Ce préjudice n’est pas seulement constitué par les pénalités douanières, car Y Z a été liée par le montant du redressement douanier qui est intervenu en conséquence directe des fautes

commises par le commissionnaire, tout en étant privée du droit effectif de contester la tarification appliquée par la douane et acceptée par le commissionnaire.

Le préjudice est constitué, comme le soutient à bon droit l’appelante, par le montant de la majoration des droits et taxes dont la Société Cotrafi a fait l’avance, car il ne résulte d’aucun élément de la procédure qu’Y Z ait inclus dans son projet de construction d’une maison à l’aide de matériaux importés le coût de la taxe de développement local appliquée en cas d’utilisation d’éléments préfabriqués.

Le jugement déféré sera par conséquent confirmé en ce qu’il a condamné Y Z à payer à la Sa Cotrafi, qui est subrogée à la douane par l’effet de l’article 253 du code des douanes de la Polynésie française, la somme de 2 695 822 FCP représentant le solde de la facture du 31 mai 2013.
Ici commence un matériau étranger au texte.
lemma taylor_rem_small:
  assumes e: "0 < e"
  shows "eventually (\<lambda>v. \<bar>taylor_rem v j\<bar> \<le> e * norm (v - u0)) (at u0)"
proof -
  have e1: "0 < e / (2 * (u0 $ j + 1))" and e2: "0 < e / 2" using e u0_nonneg[of j] by simp_all
  from l1_taylor_small[OF e1, of j] l1_increment_small[OF e2, of j] show ?thesis
  proof eventually_elim
    case (elim v)
    define r where "r = l1 j (inner f0 (k j) + delta v j) - l1 j (inner f0 (k j))
      - l2 j (inner f0 (k j)) * delta v j"
    define q where "q = l1 j (inner f0 (k j) + delta v j) - l1 j (inner f0 (k j))"
    have "\<bar>taylor_rem v j\<bar> \<le> u0 $ j * \<bar>r\<bar> + \<bar>(v - u0) $ j\<bar> * \<bar>q\<bar>"
      using abs_triangle_ineq4[of "- (u0 $ j * r)" "(v - u0) $ j * q"] u0_nonneg[of j]
      by (simp add: taylor_rem_def Let_def r_def q_def abs_mult)
    moreover have "u0 $ j * \<bar>r\<bar> \<le> u0 $ j * (e / (2 * (u0 $ j + 1)) * norm (v - u0))"
      using elim(1) u0_nonneg[of j] by (intro mult_left_mono) (simp_all add: r_def)
    moreover have "\<dots> \<le> e / 2 * norm (v - u0)"
      using e u0_nonneg[of j] by (simp add: field_simps mult_right_mono)
    moreover have "e / 2 * norm (v - u0) + e / 2 * norm (v - u0) = e * norm (v - u0)" by simp
    ultimately show ?case using elim(2) unfolding q_def by linarith
  qed
qed

theorem has_derivative_minimiser: "(minimiser has_derivative D) (at u0)"
  unfolding has_derivative_within_alt2
proof (intro conjI allI impI)
  show "bounded_linear D" by (rule bounded_linear_D)
  fix e :: real assume e: "0 < e"
  define Ks where "Ks = (\<Sum>j\<in>UNIV. norm (k j))"
  have Ks: "0 \<le> Ks" by (simp add: Ks_def sum_nonneg)
  define e' where "e' = 2 * lam * e / (Ks + 1)"
  have e': "0 < e'" using lam_pos e Ks by (simp add: e'_def)
  have "eventually (\<lambda>v. \<forall>j. \<bar>taylor_rem v j\<bar> \<le> e' * norm (v - u0)) (at u0)"
    by (intro eventually_all_finite taylor_rem_small e')
  with eventually_in_ball_at_u0
  show "eventually (\<lambda>v. norm (minimiser v - minimiser u0 - D (v - u0)) \<le> e * norm (v - u0)) (at u0)"
  proof eventually_elim
    case (elim v)
    define x where "x = minimiser v - f0 - D (v - u0)"
    have "hess x = (\<Sum>j\<in>UNIV. taylor_rem v j *\<^sub>R k j)"
      using hess_minimiser_diff[OF elim(1)] by (simp add: x_def linear_diff[OF linear_hess] hess_D)
    then have "norm (hess x) \<le> (\<Sum>j\<in>UNIV. \<bar>taylor_rem v j\<bar> * norm (k j))"
      using norm_sum[of "\<lambda>j. taylor_rem v j *\<^sub>R k j" UNIV] by simp
    with norm_hess_ge have "2 * lam * norm x \<le> (\<Sum>j\<in>UNIV. \<bar>taylor_rem v j\<bar> * norm (k j))"
      by (rule order_trans)
    also have "\<dots> \<le> (\<Sum>j\<in>UNIV. e' * norm (v - u0) * norm (k j))"
      using elim(2) by (intro sum_mono mult_right_mono) auto
    also have "\<dots> = e' * norm (v - u0) * Ks"
      by (simp add: Ks_def sum_distrib_left)
    also have "\<dots> = 2 * lam * (e * norm (v - u0)) * (Ks / (Ks + 1))"
      by (simp add: e'_def ac_simps)
    also have "\<dots> \<le> 2 * lam * (e * norm (v - u0))"
      using lam_pos e Ks by (intro mult_left_le) auto
    finally show ?case using lam_pos by (simp add: x_def f0_def)
  qed
qed
text \<open>Both the Leibniz rule for \<open>\<partial>\<^sub>i\<close> and the identity
\<open>(x\<^sub>i p - (x\<^sub>i p)(x(i,j))) / (x\<^sub>i - x\<^sub>j) = x\<^sub>i (p - p(x(i,j))) / (x\<^sub>i - x\<^sub>j) + p(x(i,j))\<close>
give \<open>\<D>\<^sub>i (x\<^sub>i p) = x\<^sub>i \<D>\<^sub>i p + p + \<kappa> \<Sum>\<^sub>j\<^sub>\<noteq>\<^sub>i (i,j) p\<close>. In \<open>\<U>\<^sub>i p\<close> the terms with
\<open>j < i\<close> cancel, leaving \<open>\<U>\<^sub>i p = x\<^sub>i \<D>\<^sub>i p + p + \<kappa> \<omega>\<^sub>i p\<close>, and multiplication by \<open>x\<^sub>i\<close>
is injective. The divided difference is
defined by a description, so its existence is shown by an explicit quotient: its
coefficients are diagonal sums of those of \<open>p - p(x(i,j))\<close>, and they form a polynomial
because \<open>p - p(x(i,j))\<close> is antisymmetric under the swap.\<close>

lemma vmulx_fun_upd_Suc: "vmulx i f (a(i := a i + 1)) = f a"
  by (simp add: vmulx_def)

lemma vmulx_eq_0_iff: "vmulx i f = (\<lambda>_. 0) \<longleftrightarrow> f = (\<lambda>_. 0)"
  by (metis vmulx_fun_upd_Suc vmulx_def)

lemma vmulx_add: "vmulx i (\<lambda>a. f a + g a) a = vmulx i f a + vmulx i g a"
  by (simp add: vmulx_def)

lemma vmulx_diff: "vmulx i (\<lambda>a. f a - g a) a = vmulx i f a - vmulx i g a"
  by (simp add: vmulx_def)

lemma vmulx_commute: "i \<noteq> j \<Longrightarrow> vmulx j (vmulx i f) a = vmulx i (vmulx j f) a"
  by (simp add: vmulx_def fun_upd_twist)

lemma vsubst_transpose_vmulx:
  assumes "i \<noteq> j"
  shows "vsubst (Transposition.transpose i j) (vmulx i p) a
       = vmulx j (vsubst (Transposition.transpose i j) p) a"
proof -
  have "(a \<circ> Transposition.transpose i j)(i := a j - 1)
      = a(j := a j - 1) \<circ> Transposition.transpose i j"
    using assms by (auto simp: fun_eq_iff Transposition.transpose_def)
  then show ?thesis using assms by (simp add: vsubst_def vmulx_def)
qed

definition swap_diff :: "nat \<Rightarrow> nat \<Rightarrow> 'n::finite vpoly \<Rightarrow> 'n vpoly" where
  "swap_diff i j p a = p a - vsubst (Transposition.transpose i j) p a"

text \<open>Expanding \<open>1/(x\<^sub>i - x\<^sub>j) = \<Sum>\<^sub>k x\<^sub>j\<^sup>k / x\<^sub>i\<^bsup>k+1\<^esup>\<close>, the coefficient of \<open>x\<^sup>a\<close> in
\<open>x\<^sub>i (p - p(x(i,j))) / (x\<^sub>i - x\<^sub>j)\<close> is the sum of the coefficients of \<open>p - p(x(i,j))\<close>
along the diagonal through \<open>a\<close> towards \<open>x\<^sub>i\<close>.\<close>

definition swap_diff_diag_sum :: "nat \<Rightarrow> nat \<Rightarrow> 'n::finite vpoly \<Rightarrow> 'n vpoly" where
  "swap_diff_diag_sum i j p a = (\<Sum>k = 0..a j. swap_diff i j p (a(i := a i + k, j := a j - k)))"

definition divdiff_quot :: "nat \<Rightarrow> nat \<Rightarrow> 'n::finite vpoly \<Rightarrow> 'n vpoly" where
  "divdiff_quot i j p b = swap_diff_diag_sum i j p (b(i := b i + 1))"

lemma swap_diff_comp_transpose:
  "swap_diff i j p (a \<circ> Transposition.transpose i j) = - swap_diff i j p a"
  by (simp add: swap_diff_def vsubst_def comp_assoc)

text \<open>The terms \<open>k\<close> and \<open>a\<^sub>j - k\<close> of the sum cancel by antisymmetry, and
\<open>R(\<kappa>)\<close> has characteristic 0.\<close>

lemma swap_diff_diag_sum_eq_0:
  assumes ij: "i \<noteq> j" and ai: "a i = 0"
  shows "swap_diff_diag_sum i j p a = 0"
proof -
  define f where "f k = swap_diff i j p (a(i := k, j := a j - k))" for k
  have "sum f {0..a j} = sum (\<lambda>k. f (a j + 0 - k)) {0..a j}"
    by (rule sum.atLeastAtMost_rev)
  also have "\<dots> = sum (\<lambda>k. - f k) {0..a j}"
  proof (rule sum.cong[OF refl])
    fix k assume "k \<in> {0..a j}"
    then have "a(i := a j - k, j := k) = a(i := k, j := a j - k) \<circ> Transposition.transpose i j"
      using ij by (auto simp: fun_eq_iff Transposition.transpose_def)
    with \<open>k \<in> {0..a j}\<close> show "f (a j + 0 - k) = - f k"
      by (simp add: f_def swap_diff_comp_transpose)
  qed
  also have "\<dots> = - sum f {0..a j}" by (simp add: sum_negf)
  finally have "sum f {0..a j} = 0" by (simp add: vec_eq_iff)
  then show ?thesis using ai by (simp add: swap_diff_diag_sum_def f_def)
qed

lemma swap_diff_diag_sum_Suc:
  assumes ij: "i \<noteq> j" and aj: "a j = Suc m"
  shows "swap_diff_diag_sum i j p a
       = swap_diff i j p a + swap_diff_diag_sum i j p (a(i := a i + 1, j := m))"
  unfolding swap_diff_diag_sum_def aj using ij
  by (simp add: sum.atLeast0_atMost_Suc_shift aj fun_upd_idem del: sum.cl_ivl_Suc)

lemma swap_diff_diag_sum_0:
  "a j = 0 \<Longrightarrow> swap_diff_diag_sum i j p a = swap_diff i j p a"
  by (simp add: swap_diff_diag_sum_def fun_upd_idem)

lemma divdiff_quot_eq:
  assumes ij: "i \<noteq> j"
  shows "vmulx i (divdiff_quot i j p) a - vmulx j (divdiff_quot i j p) a = swap_diff i j p a"
proof -
  have xi: "vmulx i (divdiff_quot i j p) a = swap_diff_diag_sum i j p a"
    by (cases "a i = 0") (auto simp: vmulx_def divdiff_quot_def swap_diff_diag_sum_eq_0[OF ij])
  show ?thesis
  proof (cases "a j")
    case 0
    then show ?thesis unfolding xi by (simp add: vmulx_def swap_diff_diag_sum_0)
  next
    case (Suc m)
    then show ?thesis unfolding xi using ij
      by (simp add: vmulx_def divdiff_quot_def swap_diff_diag_sum_Suc fun_upd_twist)
  qed
qed

lemma is_vpoly_add:
  assumes "is_vpoly N f" "is_vpoly N g"
  shows "is_vpoly N (\<lambda>a. f a + g a)"
proof -
  have "{a. f a + g a \<noteq> 0} \<subseteq> {a. f a \<noteq> 0} \<union> {a. g a \<noteq> 0}" by auto
  with assms show ?thesis unfolding is_vpoly_def
    by (metis (no_types, lifting) add_0 finite_UnI finite_subset)
qed

lemma is_vpoly_diff:
  assumes "is_vpoly N f" "is_vpoly N g"
  shows "is_vpoly N (\<lambda>a. f a - g a)"
proof -
  have "{a. f a - g a \<noteq> 0} \<subseteq> {a. f a \<noteq> 0} \<union> {a. g a \<noteq> 0}" by auto
  with assms show ?thesis unfolding is_vpoly_def
    by (metis (no_types, lifting) diff_self diff_zero finite_UnI finite_subset)
qed

lemma is_vpoly_vmulx:
  assumes i: "i \<in> {1..N}" and q: "is_vpoly N q"
  shows "is_vpoly N (vmulx i q)"
  unfolding is_vpoly_def
proof (intro conjI allI impI)
  have "{a. vmulx i q a \<noteq> 0} \<subseteq> (\<lambda>a. a(i := a i + 1)) ` {a. q a \<noteq> 0}"
  proof
    fix a assume "a \<in> {a. vmulx i q a \<noteq> 0}"
    then show "a \<in> (\<lambda>a. a(i := a i + 1)) ` {a. q a \<noteq> 0}"
      by (intro image_eqI[where x="a(i := a i - 1)"]) (auto simp: vmulx_def split: if_splits)
  qed
  then show "finite {a. vmulx i q a \<noteq> 0}"
    using q unfolding is_vpoly_def by (meson finite_imageI finite_subset)
  fix a k assume "vmulx i q a \<noteq> 0" "a k \<noteq> 0"
  then show "k \<in> {1..N}" using i q unfolding is_vpoly_def
    by (cases "k = i") (auto simp: vmulx_def split: if_splits)
qed

lemma is_vpoly_vsubst_transpose:
  assumes i: "i \<in> {1..N}" and j: "j \<in> {1..N}" and p: "is_vpoly N p"
  shows "is_vpoly N (vsubst (Transposition.transpose i j) p)"
  unfolding is_vpoly_def
proof (intro conjI allI impI)
  have "{a. vsubst (Transposition.transpose i j) p a \<noteq> 0}
      = (\<lambda>b. b \<circ> Transposition.transpose i j) ` {a. p a \<noteq> 0}"
  proof (intro equalityI subsetI)
    fix a assume "a \<in> {a. vsubst (Transposition.transpose i j) p a \<noteq> 0}"
    then show "a \<in> (\<lambda>b. b \<circ> Transposition.transpose i j) ` {a. p a \<noteq> 0}"
      by (intro image_eqI[where x="a \<circ> Transposition.transpose i j"]) (auto simp: vsubst_def comp_assoc)
  qed (auto simp: vsubst_def comp_assoc)
  then show "finite {a. vsubst (Transposition.transpose i j) p a \<noteq> 0}"
    using p unfolding is_vpoly_def by simp
  fix a k assume "vsubst (Transposition.transpose i j) p a \<noteq> 0" and "a k \<noteq> 0"
  then have "Transposition.transpose i j k \<in> {1..N}"
    using p unfolding is_vpoly_def vsubst_def by (metis comp_apply transpose_involutory)
  then show "k \<in> {1..N}" using i j
    by (auto simp: Transposition.transpose_def split: if_splits)
qed

lemma is_vpoly_swap_diff:
  "i \<in> {1..N} \<Longrightarrow> j \<in> {1..N} \<Longrightarrow> is_vpoly N p \<Longrightarrow> is_vpoly N (swap_diff i j p)"
  using is_vpoly_diff[OF _ is_vpoly_vsubst_transpose, of N p i j]
  by (simp add: swap_diff_def[abs_def])

lemma divdiff_quot_nonzero_imp:
  assumes ij: "i \<noteq> j" and b: "divdiff_quot i j p b \<noteq> 0"
  obtains a where "swap_diff i j p a \<noteq> 0" "b = a(i := b i, j := b j)"
    and "b i \<le> a i" "b j \<le> a i + a j"
proof -
  obtain k where "k \<in> {0..b j}"
    and "swap_diff i j p (b(i := b i + 1 + k, j := b j - k)) \<noteq> 0"
    using b ij unfolding divdiff_quot_def swap_diff_diag_sum_def
    by (auto elim!: sum.not_neutral_contains_not_neutral)
  with ij show ?thesis
    by (intro that[of "b(i := b i + 1 + k, j := b j - k)"]) auto
qed
text \<open>The edge Laplacian \<open>L = D\<^sup>T E\<^sup>-\<^sup>1 D\<close> of a tree is positive definite, since the incidence
  matrix of a tree has trivial kernel, and \<open>B B\<^sup>T = \<sigma>\<^sub>w\<^sup>2 L + \<sigma>\<^sub>v\<^sup>2 L W L\<close>, i.e.
  \<open>|B\<^sup>T q|\<^sup>2 = \<sigma>\<^sub>w\<^sup>2 q\<^sup>T L q + \<sigma>\<^sub>v\<^sup>2 \<Sum>\<^sub>l w\<^sub>l (L q)\<^sub>l\<^sup>2\<close>.

  Upper bound: for \<open>s = i\<omega>\<close> and \<open>u = (s I + L W)\<^sup>H q\<close> we have \<open>\<Sigma>(s)\<^sup>H u = B\<^sup>T q\<close>. Splitting \<open>q\<close>
  into real and imaginary parts, the cross terms of \<open>|u|\<^sup>2\<close> cancel by the symmetry of \<open>L\<close>, which
  leaves \<open>|u|\<^sup>2 \<ge> \<lambda>\<^sub>m\<^sub>i\<^sub>n(W\<^sup>1\<^sup>/\<^sup>2)\<^sup>2 \<Sum>\<^sub>l w\<^sub>l |(L q)\<^sub>l|\<^sup>2\<close>; on the other hand
  \<open>q\<^sup>T L q \<le> |L q|\<^sup>2 / \<lambda>\<^sub>m\<^sub>i\<^sub>n(L)\<close> gives \<open>|B\<^sup>T q|\<^sup>2 \<le> U \<lambda>\<^sub>m\<^sub>i\<^sub>n(W\<^sup>1\<^sup>/\<^sup>2)\<^sup>2 \<Sum>\<^sub>l w\<^sub>l |(L q)\<^sub>l|\<^sup>2\<close>.

  Lower bound: \<open>\<Sigma>(0) = (L W)\<^sup>-\<^sup>1 B\<close> is real and its transpose maps \<open>W L q\<close> to \<open>B\<^sup>T q\<close>, so
  \<open>\<sigma>\<^sub>m\<^sub>a\<^sub>x(\<Sigma>(0))\<^sup>2 |W L q|\<^sup>2 \<ge> |B\<^sup>T q|\<^sup>2\<close>. An eigenvector of \<open>\<lambda>\<^sub>m\<^sub>i\<^sub>n(L)\<close> yields \<open>L\<^sub>1\<close>, and
  \<open>q = L\<^sup>-\<^sup>1 e\<^sub>l\<close> for an edge \<open>l\<close> of minimal weight yields \<open>L\<^sub>2\<close>.\<close>

section \<open>Quadratic forms and extreme eigenvalues of real symmetric matrices\<close>

lemma scalar_prod_self_nonneg: "0 \<le> v \<bullet> (v :: real vec)"
  unfolding scalar_prod_def by (intro sum_nonneg) auto

lemma scalar_prod_self_pos:
  fixes v :: "real vec"
  assumes "v \<in> carrier_vec k" "v \<noteq> 0\<^sub>v k"
  shows "0 < v \<bullet> v"
  using conjugate_square_greater_0_vec[OF assms(1)] assms(2) by simp

lemma scalar_prod_eq_sum:
  assumes "x \<in> carrier_vec k" "y \<in> carrier_vec k"
  shows "x \<bullet> y = (\<Sum>i<k. x $ i * y $ i)"
  using assms by (simp add: scalar_prod_def atLeast0LessThan)

lemma scalar_prod_self_eq_sum:
  fixes v :: "real vec"
  assumes "v \<in> carrier_vec k"
  shows "v \<bullet> v = (\<Sum>i<k. (v $ i)^2)"
  using assms by (simp add: scalar_prod_def atLeast0LessThan power2_eq_square)

lemma quadratic_nonneg_discriminant:
  fixes p q r :: real
  assumes nonneg: "\<And>t. 0 \<le> p + 2 * q * t + r * t^2"
  shows "q^2 \<le> p * r"
proof -
  have p: "0 \<le> p" using nonneg[of 0] by simp
  show ?thesis
  proof (cases "r = 0")
    case True
    have "q = 0"
    proof (rule ccontr)
      assume "q \<noteq> 0"
      have "0 \<le> p + 2 * q * (- (p + 1) / (2 * q)) + r * (- (p + 1) / (2 * q))^2" by (rule nonneg)
      also have "\<dots> = -1" using \<open>q \<noteq> 0\<close> True by (simp add: field_simps)
      finally show False by simp
    qed
    then show ?thesis using True by simp
  next
    case False
    have r: "r > 0"
    proof (rule ccontr)
      assume "\<not> r > 0"
      then have "r < 0" using False by simp
      define t where "t = sqrt ((p + 1) / - r)"
      have "r * t^2 = - (p + 1)"
        unfolding t_def using \<open>r < 0\<close> p by (simp add: divide_nonneg_neg field_simps)
      moreover have "0 \<le> p + 2 * q * t + r * t^2" "0 \<le> p + 2 * q * (- t) + r * (- t)^2"
        by (rule nonneg)+
      ultimately show False by simp
    qed
    have "0 \<le> p + 2 * q * (- q / r) + r * (- q / r)^2" by (rule nonneg)
    also have "\<dots> = p - q^2 / r" using False by (simp add: field_simps power2_eq_square)
    finally show ?thesis using r by (simp add: field_simps)
  qed
qed

lemma symmetric_form_commute:
  fixes A :: "'a :: comm_ring mat"
  assumes A: "A \<in> carrier_mat k k" and sym: "A\<^sup>T = A"
    and x: "x \<in> carrier_vec k" and y: "y \<in> carrier_vec k"
  shows "y \<bullet> (A *\<^sub>v x) = x \<bullet> (A *\<^sub>v y)"
proof -
  have "y \<bullet> (A *\<^sub>v x) = (A\<^sup>T *\<^sub>v y) \<bullet> x" using transpose_vec_mult_scalar[OF A x y] by simp
  also have "\<dots> = x \<bullet> (A *\<^sub>v y)" using sym A x y by (simp add: comm_scalar_prod[of _ k])
  finally show ?thesis .
qed

lemma quadratic_form_add_smult:
  fixes A :: "real mat"
  assumes A: "A \<in> carrier_mat k k" and sym: "A\<^sup>T = A"
    and x: "x \<in> carrier_vec k" and y: "y \<in> carrier_vec k"
  shows "(x + t \<cdot>\<^sub>v y) \<bullet> (A *\<^sub>v (x + t \<cdot>\<^sub>v y))
     = x \<bullet> (A *\<^sub>v x) + 2 * (x \<bullet> (A *\<^sub>v y)) * t + (y \<bullet> (A *\<^sub>v y)) * t^2"
proof -
  have "A *\<^sub>v (x + t \<cdot>\<^sub>v y) = A *\<^sub>v x + t \<cdot>\<^sub>v (A *\<^sub>v y)"
    using A x y by (simp add: mult_add_distrib_mat_vec mult_mat_vec)
  then have "(x + t \<cdot>\<^sub>v y) \<bullet> (A *\<^sub>v (x + t \<cdot>\<^sub>v y))
      = x \<bullet> (A *\<^sub>v x) + t * (x \<bullet> (A *\<^sub>v y)) + t * (y \<bullet> (A *\<^sub>v x)) + t * t * (y \<bullet> (A *\<^sub>v y))"
    using A x y
    by (simp add: add_scalar_prod_distrib[of _ k] scalar_prod_add_distrib[of _ k]
        smult_scalar_prod_distrib[of _ k] scalar_prod_smult_distrib[of _ k] algebra_simps)
  also have "y \<bullet> (A *\<^sub>v x) = x \<bullet> (A *\<^sub>v y)" by (rule symmetric_form_commute[OF A sym x y])
  finally show ?thesis by (simp add: power2_eq_square algebra_simps)
qed

lemma psd_cauchy_schwarz:
  fixes A :: "real mat"
  assumes A: "A \<in> carrier_mat k k" and sym: "A\<^sup>T = A"
    and psd: "\<And>z. z \<in> carrier_vec k \<Longrightarrow> 0 \<le> z \<bullet> (A *\<^sub>v z)"
    and x: "x \<in> carrier_vec k" and y: "y \<in> carrier_vec k"
  shows "(x \<bullet> (A *\<^sub>v y))^2 \<le> (x \<bullet> (A *\<^sub>v x)) * (y \<bullet> (A *\<^sub>v y))"
proof (rule quadratic_nonneg_discriminant)
  fix t :: real
  show "0 \<le> x \<bullet> (A *\<^sub>v x) + 2 * (x \<bullet> (A *\<^sub>v y)) * t + (y \<bullet> (A *\<^sub>v y)) * t^2"
    using psd[of "x + t \<cdot>\<^sub>v y"] quadratic_form_add_smult[OF A sym x y] x y by simp
qed

lemma cauchy_schwarz_vec:
  fixes x y :: "real vec"
  assumes "x \<in> carrier_vec k" "y \<in> carrier_vec k"
  shows "(x \<bullet> y)^2 \<le> (x \<bullet> x) * (y \<bullet> y)"
  using psd_cauchy_schwarz[of "1\<^sub>m k" k x y] assms scalar_prod_self_nonneg by simp

lemma mat_vec_norm_le_frobenius:
  fixes M :: "real mat"
  assumes M: "M \<in> carrier_mat r k" and z: "z \<in> carrier_vec k"
  shows "(M *\<^sub>v z) \<bullet> (M *\<^sub>v z) \<le> (\<Sum>i<r. row M i \<bullet> row M i) * (z \<bullet> z)"
proof -
  have "(M *\<^sub>v z) \<bullet> (M *\<^sub>v z) = (\<Sum>i<r. ((M *\<^sub>v z) $ i)^2)"
    using M z by (intro scalar_prod_self_eq_sum) auto
  also have "\<dots> = (\<Sum>i<r. (row M i \<bullet> z)^2)"
    using M by (intro sum.cong) auto
  also have "\<dots> \<le> (\<Sum>i<r. (row M i \<bullet> row M i) * (z \<bullet> z))"
    using M z by (intro sum_mono cauchy_schwarz_vec[of _ k]) auto
  finally show ?thesis by (simp add: sum_distrib_right)
qed

lemma quadratic_form_bounded:
  fixes A :: "real mat"
  assumes A: "A \<in> carrier_mat k k"
  obtains c where "0 \<le> c" "\<And>z. z \<in> carrier_vec k \<Longrightarrow> z \<bullet> (A *\<^sub>v z) \<le> c * (z \<bullet> z)"
proof
  define F where "F = (\<Sum>i<k. row A i \<bullet> row A i)"
  have F: "0 \<le> F" unfolding F_def using scalar_prod_self_nonneg by (simp add: sum_nonneg)
  then show "0 \<le> 1 + F" by simp
  fix z :: "real vec" assume z: "z \<in> carrier_vec k"
  have zz: "0 \<le> z \<bullet> z" by (rule scalar_prod_self_nonneg)
  have "(z \<bullet> (A *\<^sub>v z))^2 \<le> (z \<bullet> z) * ((A *\<^sub>v z) \<bullet> (A *\<^sub>v z))"
    using A z by (intro cauchy_schwarz_vec[of _ k]) auto
  also have "\<dots> \<le> (z \<bullet> z) * (F * (z \<bullet> z))"
    unfolding F_def using mat_vec_norm_le_frobenius[OF A z] zz by (rule mult_left_mono)
  also have "\<dots> = F * (z \<bullet> z)^2" by (simp add: power2_eq_square)
  also have "\<dots> \<le> (1 + F)^2 * (z \<bullet> z)^2"
    using F by (intro mult_right_mono) (auto simp: power2_eq_square algebra_simps)
  finally have "(z \<bullet> (A *\<^sub>v z))^2 \<le> ((1 + F) * (z \<bullet> z))^2" by (simp add: power_mult_distrib)
  then have "\<bar>z \<bullet> (A *\<^sub>v z)\<bar> \<le> \<bar>(1 + F) * (z \<bullet> z)\<bar>" by (simp only: abs_le_square_iff)
  then show "z \<bullet> (A *\<^sub>v z) \<le> (1 + F) * (z \<bullet> z)" using zz F by simp
qed

lemma mult_mat_vec_zero_right:
  assumes "A \<in> carrier_mat r k"
  shows "A *\<^sub>v 0\<^sub>v k = (0\<^sub>v r :: 'a::comm_ring vec)"
  using assms by (intro eq_vecI) (simp_all add: scalar_prod_def)

lemma inverse_exists_if_kernel_trivial:
  fixes A :: "'a::field mat"
  assumes A: "A \<in> carrier_mat k k"
    and ker: "\<And>v. v \<in> carrier_vec k \<Longrightarrow> A *\<^sub>v v = 0\<^sub>v k \<Longrightarrow> v = 0\<^sub>v k"
  obtains B where "B \<in> carrier_mat k k" "A * B = 1\<^sub>m k" "B * A = 1\<^sub>m k"
proof -
  have "det A \<noteq> 0" using det_0_iff_vec_prod_zero_field[OF A] ker by auto
  from det_non_zero_imp_unit[OF A this, of undefined] that show ?thesis
    by (auto simp: Units_def ring_mat_def)
qed

lemma mat_inv_eqI:
  fixes A :: "'a::field mat"
  assumes A: "A \<in> carrier_mat k k" and B: "B \<in> carrier_mat k k" and AB: "A * B = 1\<^sub>m k"
  shows "mat_inv A = B"
proof -
  have BA: "B * A = 1\<^sub>m k" by (rule mat_mult_left_right_inverse[OF A B AB])
  then have "A \<in> Units (ring_mat TYPE('a) k undefined)"
    using A B AB by (auto simp: Units_def ring_mat_def)
  then obtain P where P: "mat_inverse A = Some P"
    using mat_inverse(1)[OF A, where b = undefined] by (cases "mat_inverse A") auto
  from mat_inverse(2)[OF A P] have PA: "P * A = 1\<^sub>m k" and P_carrier: "P \<in> carrier_mat k k" by auto
  have "P = (P * A) * B" using P_carrier A B AB by (simp add: assoc_mult_mat[of _ k k _ k _ k])
  then have "P = B" using PA B by simp
  then show ?thesis unfolding mat_inv_def P by simp
qed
Mais le jugement sera infirmé en ce qu’il a débouté Y Z de sa demande d’indemnisation du manquement de la Société Cotrafi à son obligation d’information et de conseil. La cour dispose d’éléments suffisants d’appréciation pour fixer le montant de l’indemnisation complète du préjudice subi par Y Z au montant du solde de ladite facture, qui correspond à celui des droits et taxes qui ont été appliqués au vu des déclarations établies fautivement par la Société Cotrafi et de l’acceptation par celle-ci du redressement douanier. La compensation des dettes réciproques sera par suite prononcée.

Il sera fait application des dispositions de l’article 407 du code de procédure civile de la Polynésie française au bénéfice de l’appelante. La partie qui succombe est condamnée aux dépens.

PAR CES MOTIFS,

La Cour, statuant publiquement, contradictoirement, en matière civile et en dernier ressort ;

Vu l’arrêt du 6 décembre 2018, statuant sur les points restant à juger ;

Confirme le jugement rendu le 31 juillet 2017 par le tribunal civil de première instance de Papeete en ce qu’il a condamné Y Z à verser à la Sa Compagnie de Transport Financière et Immobilière (Cotrafi à l’enseigne SFT Gondrand) la somme de 2 695 822 FCP représentant le solde de la facture du 31 mai 2013 avec intérêts au taux légal à compter du 13 avril 2015, date de l’assignation ;

Infirme pour le surplus et, statuant à nouveau ;

Condamne la Sa Compagnie de Transport Financière et Immobilière (Cotrafi à l’enseigne SFT Gondrand) à payer à titre de dommages et intérêts à Y Z la somme de 2 695 822 FCP augmentée des intérêts au taux légal courus depuis le 13 avril 2015 ;

Prononce la compensation entre ces deux condamnations ;

Condamne la Sa Compagnie de Transport Financière et Immobilière (Cotrafi à l’enseigne SFT Gondrand) à payer à Y Z la somme de 350 000 FCP en application des dispositions de l’article 407 du code de procédure civile de la Polynésie française ;

Rejette toute autre demande ;

Met à la charge de Sa Compagnie de Transport Financière et Immobilière (Cotrafi à l’enseigne SFT Gondrand) les dépens de première instance et d’appel, lesquels pourront être recouvrés conformément aux dispositions de l’article 409 du code de procédure civile de la Polynésie française.

Prononcé à Papeete, le 19 décembre 2019.